• [Data to process]:
──────────
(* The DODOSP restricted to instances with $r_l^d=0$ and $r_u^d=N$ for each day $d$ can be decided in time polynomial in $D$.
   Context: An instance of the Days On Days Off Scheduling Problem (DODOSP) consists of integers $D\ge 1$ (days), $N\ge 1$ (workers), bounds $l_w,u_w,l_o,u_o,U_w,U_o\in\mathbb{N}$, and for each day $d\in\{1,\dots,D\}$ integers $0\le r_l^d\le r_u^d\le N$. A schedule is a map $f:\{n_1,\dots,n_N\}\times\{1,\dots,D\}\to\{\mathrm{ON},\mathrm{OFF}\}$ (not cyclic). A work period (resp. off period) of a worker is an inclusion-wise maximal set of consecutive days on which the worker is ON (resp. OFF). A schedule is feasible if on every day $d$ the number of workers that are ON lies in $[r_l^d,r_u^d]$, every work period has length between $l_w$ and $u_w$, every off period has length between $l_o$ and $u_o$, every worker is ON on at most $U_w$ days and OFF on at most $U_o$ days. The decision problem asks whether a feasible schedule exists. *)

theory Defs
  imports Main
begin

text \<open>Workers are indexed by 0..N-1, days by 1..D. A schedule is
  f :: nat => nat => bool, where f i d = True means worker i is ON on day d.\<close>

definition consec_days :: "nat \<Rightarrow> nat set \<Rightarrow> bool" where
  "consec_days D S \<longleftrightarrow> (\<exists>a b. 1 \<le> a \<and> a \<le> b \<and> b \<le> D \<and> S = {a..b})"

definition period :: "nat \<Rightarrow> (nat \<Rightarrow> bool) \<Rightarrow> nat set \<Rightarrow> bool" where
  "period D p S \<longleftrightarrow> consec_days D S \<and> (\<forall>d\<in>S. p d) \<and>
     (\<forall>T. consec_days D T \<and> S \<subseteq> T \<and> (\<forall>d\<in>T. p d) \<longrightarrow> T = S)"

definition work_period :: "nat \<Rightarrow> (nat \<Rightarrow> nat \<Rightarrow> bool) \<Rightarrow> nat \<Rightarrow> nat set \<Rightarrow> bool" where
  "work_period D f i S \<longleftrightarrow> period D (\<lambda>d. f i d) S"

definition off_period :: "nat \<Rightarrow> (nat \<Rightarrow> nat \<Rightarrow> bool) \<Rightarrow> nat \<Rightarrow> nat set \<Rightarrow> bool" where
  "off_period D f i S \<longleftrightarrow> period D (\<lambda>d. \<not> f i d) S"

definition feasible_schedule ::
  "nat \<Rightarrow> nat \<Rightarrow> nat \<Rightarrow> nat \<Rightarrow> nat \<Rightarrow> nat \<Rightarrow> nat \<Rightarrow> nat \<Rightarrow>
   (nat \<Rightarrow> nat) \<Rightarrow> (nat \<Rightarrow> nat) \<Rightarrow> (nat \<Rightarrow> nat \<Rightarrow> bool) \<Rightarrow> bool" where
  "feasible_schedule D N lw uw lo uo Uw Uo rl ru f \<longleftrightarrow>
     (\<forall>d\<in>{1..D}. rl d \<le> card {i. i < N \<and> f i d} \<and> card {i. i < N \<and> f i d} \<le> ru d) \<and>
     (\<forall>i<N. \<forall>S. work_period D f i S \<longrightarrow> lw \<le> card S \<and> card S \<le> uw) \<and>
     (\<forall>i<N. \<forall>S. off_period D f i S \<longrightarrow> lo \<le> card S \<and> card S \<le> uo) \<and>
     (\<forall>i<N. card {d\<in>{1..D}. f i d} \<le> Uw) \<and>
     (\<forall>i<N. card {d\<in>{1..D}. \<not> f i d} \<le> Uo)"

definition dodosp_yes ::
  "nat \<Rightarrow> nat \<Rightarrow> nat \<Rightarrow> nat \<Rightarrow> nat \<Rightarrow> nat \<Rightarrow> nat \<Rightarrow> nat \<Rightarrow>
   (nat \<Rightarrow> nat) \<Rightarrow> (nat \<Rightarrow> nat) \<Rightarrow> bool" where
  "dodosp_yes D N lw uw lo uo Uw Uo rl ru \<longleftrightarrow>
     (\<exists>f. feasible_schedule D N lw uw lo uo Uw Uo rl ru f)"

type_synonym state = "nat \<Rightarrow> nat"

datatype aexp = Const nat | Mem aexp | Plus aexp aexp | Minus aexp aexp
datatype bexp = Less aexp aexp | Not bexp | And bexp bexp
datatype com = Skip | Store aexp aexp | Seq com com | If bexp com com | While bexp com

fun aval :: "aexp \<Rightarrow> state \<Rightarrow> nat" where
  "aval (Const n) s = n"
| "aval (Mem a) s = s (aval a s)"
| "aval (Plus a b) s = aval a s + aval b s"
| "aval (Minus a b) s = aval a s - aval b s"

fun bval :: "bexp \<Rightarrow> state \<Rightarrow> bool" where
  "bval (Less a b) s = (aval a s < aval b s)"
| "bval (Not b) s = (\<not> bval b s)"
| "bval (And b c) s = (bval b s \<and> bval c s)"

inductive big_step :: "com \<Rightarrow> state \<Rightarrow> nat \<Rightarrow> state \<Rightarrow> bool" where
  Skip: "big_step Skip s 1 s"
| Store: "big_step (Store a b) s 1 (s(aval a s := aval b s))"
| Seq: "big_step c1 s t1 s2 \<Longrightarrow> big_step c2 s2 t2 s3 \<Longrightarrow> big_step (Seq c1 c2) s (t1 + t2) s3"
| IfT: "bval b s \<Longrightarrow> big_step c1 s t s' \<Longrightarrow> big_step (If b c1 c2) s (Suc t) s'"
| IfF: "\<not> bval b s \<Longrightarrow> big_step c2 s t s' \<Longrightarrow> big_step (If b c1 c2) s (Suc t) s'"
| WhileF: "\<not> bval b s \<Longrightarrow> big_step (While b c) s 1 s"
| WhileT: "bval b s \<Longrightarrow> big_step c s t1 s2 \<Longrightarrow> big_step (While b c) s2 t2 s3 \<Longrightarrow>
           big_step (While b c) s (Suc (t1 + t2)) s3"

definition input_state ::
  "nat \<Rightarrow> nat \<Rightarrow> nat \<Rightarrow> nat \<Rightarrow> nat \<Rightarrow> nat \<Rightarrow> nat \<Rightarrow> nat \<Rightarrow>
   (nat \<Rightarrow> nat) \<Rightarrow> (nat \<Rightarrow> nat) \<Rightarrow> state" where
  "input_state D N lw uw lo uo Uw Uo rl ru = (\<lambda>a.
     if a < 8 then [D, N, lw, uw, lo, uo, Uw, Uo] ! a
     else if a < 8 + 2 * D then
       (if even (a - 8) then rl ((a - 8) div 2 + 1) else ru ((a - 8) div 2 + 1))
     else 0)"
──────────
Every line containing the word "datatype" must be copied from the material above.

datatype aexp = Const nat | Mem aexp | Plus aexp aexp | Minus aexp aexp
datatype bexp = Less aexp aexp | Not bexp | And bexp bexp
datatype com = Skip | Store aexp aexp | Seq com com | If bexp com com | While bexp com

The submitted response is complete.